APPYnotebook

Access Control

Understanding Access Control

Access to resources within the workspace can be controlled in various ways. Access control is managed via user settings

Access control rules for binders are applied as follows.

READ access granted for a binder means that the user to whom that access has been granted would be able to see that binder under the name of the owner in the navigation panel. This does not grant read access to the content of this binder. It merely makes this binder visible to the member to whom this access is granted.

WRITE access currently has no meaning/effect.

Access control rules for pages are applied as follows.

READ access means content on a page can be viewed by users with this access.

READ access is additive, ie there must be READ on the binder as well as on the page.

WRITE access means user can create new content on this page. For instance a user would be able to draw on a white-board page. Typically this would also mean users can alter elements on the page.

Access control rules for elements are applied as follows.

Elements are the content of your pages. Every piece of content on a page is associated with an element. For instance a shape drawing would be represented by an element, an APP embedded on a page would be associated with an element, also the data that APPs produce may be associated with elements.

READ access means that the user to whom it is granted can view this element. It is possible that the page on which this element resides has READ access, if this element's READ is revoked then the user would not be able to view this element. In other words this access supersedes access granted at the page level.

READ access is additive, ie there must be READ on the binder,page as well as on the element.

WRITE access allows the member to whom it is granted to alter the attributes of this element. For instance an APP on a page may be resized or moved by a user who has WRITE access to this element. note that this access supersedes the access granted at the page level. In other words even if WRITE access has been granted at the page level, if this access is not granted then the user would not be able to alter this element.

WRITE access is additive, ie there must be WRITE on the page as well as on the element.
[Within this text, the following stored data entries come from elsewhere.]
(* Let $(w_n)_{n\ge 0}$ be nonnegative reals with $W(z)=\sum_{n\ge0}w_nz^n$, and assume there are $\rho_w>0$ and a slowly varying $L_w$ with $w_n\sim L_w(n)n^{-1}\rho_w^{-n}$ and $W(\rho_w)\in(0,\infty)$. Let $X$ have probability generating function $W(\rho_w z)/W(\rho_w)$. Consider the condition $$(\ast)\qquad \lim_{n\to\infty}\frac{\mathbb{P}(X>n^t)}{\mathbb{P}(X>n)}\ \text{exists for all } 0<t<1.$$ (1) $(\ast)$ holds if and only if there exists $\gamma\ge0$ with $\lim_{n\to\infty}\mathbb{P}(X>n^t)/\mathbb{P}(X>n)=t^{-\gamma}$ for all $0<t<1$. (2) If there are $\gamma>0$ and a slowly varying function $L$ with $L_w(n)=L(\log n)/\log^{1+\gamma}n$, then $\lim_{n\to\infty}\mathbb{P}(X>n^t)/\mathbb{P}(X>n)=t^{-\gamma}$ for all $0<t<1$ with this $\gamma$, and in this case $\mathbb{P}(X>n)\sim W(\rho_w)^{-1}\,\dfrac{L(\log n)}{\gamma\log^\gamma n}$. (3) If $L_w$ is eventually monotone and $\lim_{n\to\infty}\mathbb{P}(X>n^t)/\mathbb{P}(X>n)=t^{-\gamma}$ for all $0<t<1$ with some $\gamma>0$, then there is a slowly varying function $L$ with $L_w(n)=L(\log n)/\log^{1+\gamma}n$.
   Context: Slowly varying means slowly varying at infinity. Limits are over integers $n\to\infty$. *)

theory Defs
  imports "HOL-Analysis.Analysis" "HOL-Library.Landau_Symbols"
begin

definition slowly_varying :: "(real \<Rightarrow> real) \<Rightarrow> bool" where
  "slowly_varying L \<longleftrightarrow>
     (\<exists>a. (\<forall>x\<ge>a. L x > 0) \<and> (\<lambda>x. if a \<le> x then L x else 0) \<in> borel_measurable borel) \<and>
     (\<forall>c>0. ((\<lambda>x. L (c * x) / L x) \<longlongrightarrow> 1) at_top)"
text \<open>proj(in,G)(G1), where G1 is given by its node set N1.\<close>
definition proj :: "('n \<Rightarrow> 'd) \<Rightarrow> ('n, 'a, 'd::{semiring_1,order}) graph \<Rightarrow> 'n set \<Rightarrow> 'n \<Rightarrow> 'd" where
  "proj fin G N1 n = fin n + (\<Sum>n'\<in>nodes G - N1. flow fin G n' * edge G n' n)"

text \<open>(in,G) \<in> (in1,G1) \<bullet> (in2,G2); finlows are compared on the node sets.\<close>
definition in_comp ::
  "('n \<Rightarrow> 'd) \<Rightarrow> ('n, 'a, 'd::{semiring_1,order}) graph \<Rightarrow>
   ('n \<Rightarrow> 'd) \<Rightarrow> ('n, 'a, 'd) graph \<Rightarrow> ('n \<Rightarrow> 'd) \<Rightarrow> ('n, 'a, 'd) graph \<Rightarrow> bool" where
  "in_comp fin G fin1 G1 fin2 G2 \<longleftrightarrow>
     is_graph_union G G1 G2 \<and>
     (\<forall>n\<in>nodes G1. proj fin G (nodes G1) n = fin1 n) \<and>
     (\<forall>n\<in>nodes G2. proj fin G (nodes G2) n = fin2 n)"

definition inflow_equiv :: "('n \<Rightarrow> 'd) \<Rightarrow> ('n, 'a, 'd::{semiring_1,order}) graph \<Rightarrow> ('n \<Rightarrow> 'd) \<Rightarrow> bool" where
  "inflow_equiv fin G fin' \<longleftrightarrow> (\<forall>n\<in>nodes G. flow fin G n = flow fin' G n)"

end

theory Submission
  imports Defs
begin

text \<open>The flow of a graph is the least solution of x = in + x \<cdot> \<epsilon>, reached by Kleene
  iteration since the flow domain is omega-continuous. Projecting the inflow of G onto a
  subgraph G1 adds exactly the flow that enters G1 from the rest of G, so the least solution
  for G1 under the projected inflow coincides with the flow of G on dom(G1). Hence the flow of
  G on each part is determined by the flow of that part under its projected inflow, which gives
  (1); for (2) the projections of in' are the required inflows.\<close>

definition chain_lub :: "(nat \<Rightarrow> 'd::order) \<Rightarrow> 'd" where
  "chain_lub c = (THE s. is_lub (range c) s)"

lemma is_lub_unique: "is_lub S (x::'d::order) \<Longrightarrow> is_lub S y \<Longrightarrow> x = y"
  unfolding is_lub_def by (meson order_antisym)

lemma chain_lub_eq: "is_lub (range c) s \<Longrightarrow> chain_lub c = s"
  unfolding chain_lub_def by (rule the_equality) (auto intro: is_lub_unique)

lemma omega_chain_mono: "omega_chain c \<Longrightarrow> i \<le> j \<Longrightarrow> c i \<le> c j"
  unfolding omega_chain_def by (rule lift_Suc_mono_le) auto

lemma sum_kdelta_right: "finite N \<Longrightarrow> m \<in> N \<Longrightarrow> (\<Sum>a\<in>N. f a * kdelta a m) = (f m :: 'd::semiring_1)"
  by (simp add: kdelta_def if_distrib cong: if_cong)

lemma sum_kdelta_left: "finite N \<Longrightarrow> m \<in> N \<Longrightarrow> (\<Sum>a\<in>N. kdelta m a * f a) = (f m :: 'd::semiring_1)"
  by (simp add: kdelta_def if_distrib[of "\<lambda>x. x * _"] sum.delta cong: if_cong)

text \<open>Kleene approximants of the capacity: cap_iter E N k n m sums the weights of the
  paths from n to m with fewer than k edges whose intermediate nodes lie in N.\<close>

primrec cap_iter :: "('n \<Rightarrow> 'n \<Rightarrow> 'd::semiring_1) \<Rightarrow> 'n set \<Rightarrow> nat \<Rightarrow> 'n \<Rightarrow> 'n \<Rightarrow> 'd" where
  "cap_iter E N 0 = (\<lambda>n m. 0)"
| "cap_iter E N (Suc k) = (\<lambda>n m. kdelta n m + (\<Sum>a\<in>N. E n a * cap_iter E N k a m))"

lemma cap_iter_Suc_right:
  fixes E :: "'n \<Rightarrow> 'n \<Rightarrow> 'd::semiring_1"
  assumes N: "finite N" and "n \<in> N" "m \<in> N"
  shows "cap_iter E N (Suc k) n m = kdelta n m + (\<Sum>b\<in>N. cap_iter E N k n b * E b m)"
  using assms(2,3)
proof (induction k arbitrary: n m)
  case 0
  then show ?case by simp
next
  case (Suc k)
  have "cap_iter E N (Suc (Suc k)) n m
      = kdelta n m + (\<Sum>a\<in>N. E n a * (kdelta a m + (\<Sum>b\<in>N. cap_iter E N k a b * E b m)))"
    using Suc by simp
  also have "(\<Sum>a\<in>N. E n a * (kdelta a m + (\<Sum>b\<in>N. cap_iter E N k a b * E b m)))
      = (\<Sum>a\<in>N. E n a * kdelta a m) + (\<Sum>a\<in>N. \<Sum>b\<in>N. E n a * cap_iter E N k a b * E b m)"
    by (simp only: distrib_left sum.distrib sum_distrib_left mult.assoc)
  also have "(\<Sum>a\<in>N. E n a * kdelta a m) = E n m"
    using sum_kdelta_right[OF N Suc.prems(2)] .
  also have "(\<Sum>a\<in>N. \<Sum>b\<in>N. E n a * cap_iter E N k a b * E b m)
      = (\<Sum>b\<in>N. \<Sum>a\<in>N. E n a * cap_iter E N k a b * E b m)"
    by (rule sum.swap)
  also have "E n m + (\<Sum>b\<in>N. \<Sum>a\<in>N. E n a * cap_iter E N k a b * E b m)
      = (\<Sum>b\<in>N. cap_iter E N (Suc k) n b * E b m)"
    using sum_kdelta_left[OF N Suc.prems(1), of "\<lambda>b. E b m"]
    by (simp add: distrib_right sum.distrib sum_distrib_right mult.assoc)
  finally show ?case .
qed
lemma coset_central_mod_of_member:
  assumes x: "x \<in> Q" and n0: "n0 \<in> central_mod N"
  shows "coset (x \<cdot> n0) (central_mod N) = coset x (central_mod N)"
proof
  have n0Q: "n0 \<in> Q" using n0 central_mod_closed by blast
  show "coset (x \<cdot> n0) (central_mod N) \<subseteq> coset x (central_mod N)"
  proof
    fix z assume "z \<in> coset (x \<cdot> n0) (central_mod N)"
    then obtain n where n: "n \<in> central_mod N" "z = (x \<cdot> n0) \<cdot> n"
      using coset_mem_iff by blast
    obtain \<mu> where \<mu>: "\<mu> \<in> N" "(x \<cdot> n0) \<cdot> n = x \<cdot> (n0 \<cdot> (n \<cdot> \<mu>))"
      using central_mod_reassoc_right[OF x n0Q n(1)] by blast
    have "n0 \<cdot> (n \<cdot> \<mu>) \<in> central_mod N"
      using central_mod_mult[OF n0 central_mod_mult_normal[OF n(1) \<mu>(1)]] .
    then show "z \<in> coset x (central_mod N)"
      using n(2) \<mu>(2) coset_mem_iff by blast
  qed
  show "coset x (central_mod N) \<subseteq> coset (x \<cdot> n0) (central_mod N)"
  proof
    fix z assume "z \<in> coset x (central_mod N)"
    then obtain n where n: "n \<in> central_mod N" "z = x \<cdot> n"
      using coset_mem_iff by blast
    define u where "u = ldiv n0 n"
    have u: "u \<in> Q" "n0 \<cdot> u = n"
      using n(1) n0Q central_mod_closed by (simp_all add: u_def)
    have uS: "u \<in> central_mod N"
      using central_mod_ldiv[OF n0] u n(1) by simp
    obtain \<mu> where \<mu>: "\<mu> \<in> N" "x \<cdot> (n0 \<cdot> u) = (x \<cdot> n0) \<cdot> (u \<cdot> \<mu>)"
      using central_mod_reassoc_left[OF x n0Q uS] by blast
    then show "z \<in> coset (x \<cdot> n0) (central_mod N)"
      using n(2) u(2) central_mod_mult_normal[OF uS \<mu>(1)] coset_mem_iff by metis
  qed
qed

lemma normal_subloop_central_mod: "normal_subloop (central_mod N)"
  unfolding normal_subloop_def
proof (intro conjI ballI)
  show "e \<in> central_mod N"
    by (simp add: central_mod_def)
  show "central_mod N \<subseteq> Q"
    using central_mod_closed by blast
  show "coset y (central_mod N) = coset x (central_mod N)"
    if "x \<in> Q" "y \<in> coset x (central_mod N)" for x y
    using that coset_central_mod_of_member coset_mem_iff by metis
  show "(a \<cdot> n) \<cdot> (b \<cdot> n') \<in> coset (a \<cdot> b) (central_mod N)"
    if ab: "a \<in> Q" "b \<in> Q" and n: "n \<in> central_mod N" and n': "n' \<in> central_mod N"
    for a b n n'
  proof -
    have nQ: "n \<in> Q" "n' \<in> Q" using n n' central_mod_closed by auto
    have "coset ((a \<cdot> n) \<cdot> (b \<cdot> n')) N = coset (((a \<cdot> n) \<cdot> b) \<cdot> n') N"
      using central_modD[OF n', of "a \<cdot> n" b] ab nQ by simp
    also have "\<dots> = coset (((a \<cdot> b) \<cdot> n) \<cdot> n') N"
    proof (rule coset_mult_cong[OF normal])
      have "coset ((a \<cdot> n) \<cdot> b) N = coset (b \<cdot> (a \<cdot> n)) N"
        using ab nQ by (simp add: mult_commute)
      also have "\<dots> = coset ((a \<cdot> b) \<cdot> n) N"
        using central_modD[OF n, of b a] ab by (simp add: mult_commute)
      finally show "coset ((a \<cdot> n) \<cdot> b) N = coset ((a \<cdot> b) \<cdot> n) N" .
    qed (use ab nQ in auto)
    also have "\<dots> = coset ((a \<cdot> b) \<cdot> (n \<cdot> n')) N"
      using central_modD[OF n', of "a \<cdot> b" n] ab nQ by simp
    finally obtain \<mu> where "\<mu> \<in> N" "(a \<cdot> n) \<cdot> (b \<cdot> n') = ((a \<cdot> b) \<cdot> (n \<cdot> n')) \<cdot> \<mu>"
      using coset_eq_iff[OF normal] ab nQ by (metis mult_closed)
    then have "(a \<cdot> n) \<cdot> (b \<cdot> n') = (a \<cdot> b) \<cdot> ((n \<cdot> n') \<cdot> \<mu>)"
      using nuclear_normalD ab nQ by simp
    then show ?thesis
      using central_mod_mult_normal[OF central_mod_mult[OF n n']] \<open>\<mu> \<in> N\<close> coset_mem_iff
      by blast
  qed
  show "\<exists>n'\<in>central_mod N. (c \<cdot> t) \<cdot> n = c \<cdot> (t \<cdot> n')"
    if "c \<in> Q" "t \<in> Q" "n \<in> central_mod N" for c t n
    using central_mod_reassoc_right[OF that] central_mod_mult_normal[OF that(3)] by metis
qed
Elements by default inherit READ&WRITE access granted at the page level so there is no need to have to grant them explicit. However there are instances when they may need to be revoked explicitly. Also certain APPs need to selectively provide access to elements, for instance the grading APP doesn't grant access to grade elements except to the instructor and the person to whom a particular grade is assigned.

  1. Group Access Control
  2. Content Access Control

Group Access Control

Access to a group can be either public or by invite only. If a group is public, then any user can join the group given the group url. A group url can be derived from a page url.

Content Access Control

  • To view specific access granted to a user for your resources, select the user:
  • To grant (or revoke) access for a specific user, select the user and check the grant "To" checkbox then click the save button.
  • Note the user "Everyone" refers to everyone in the group. This is an easy way to grant (or revoke) access control to all members of the group. You can use this to give generic access and then grant specific access to specific users.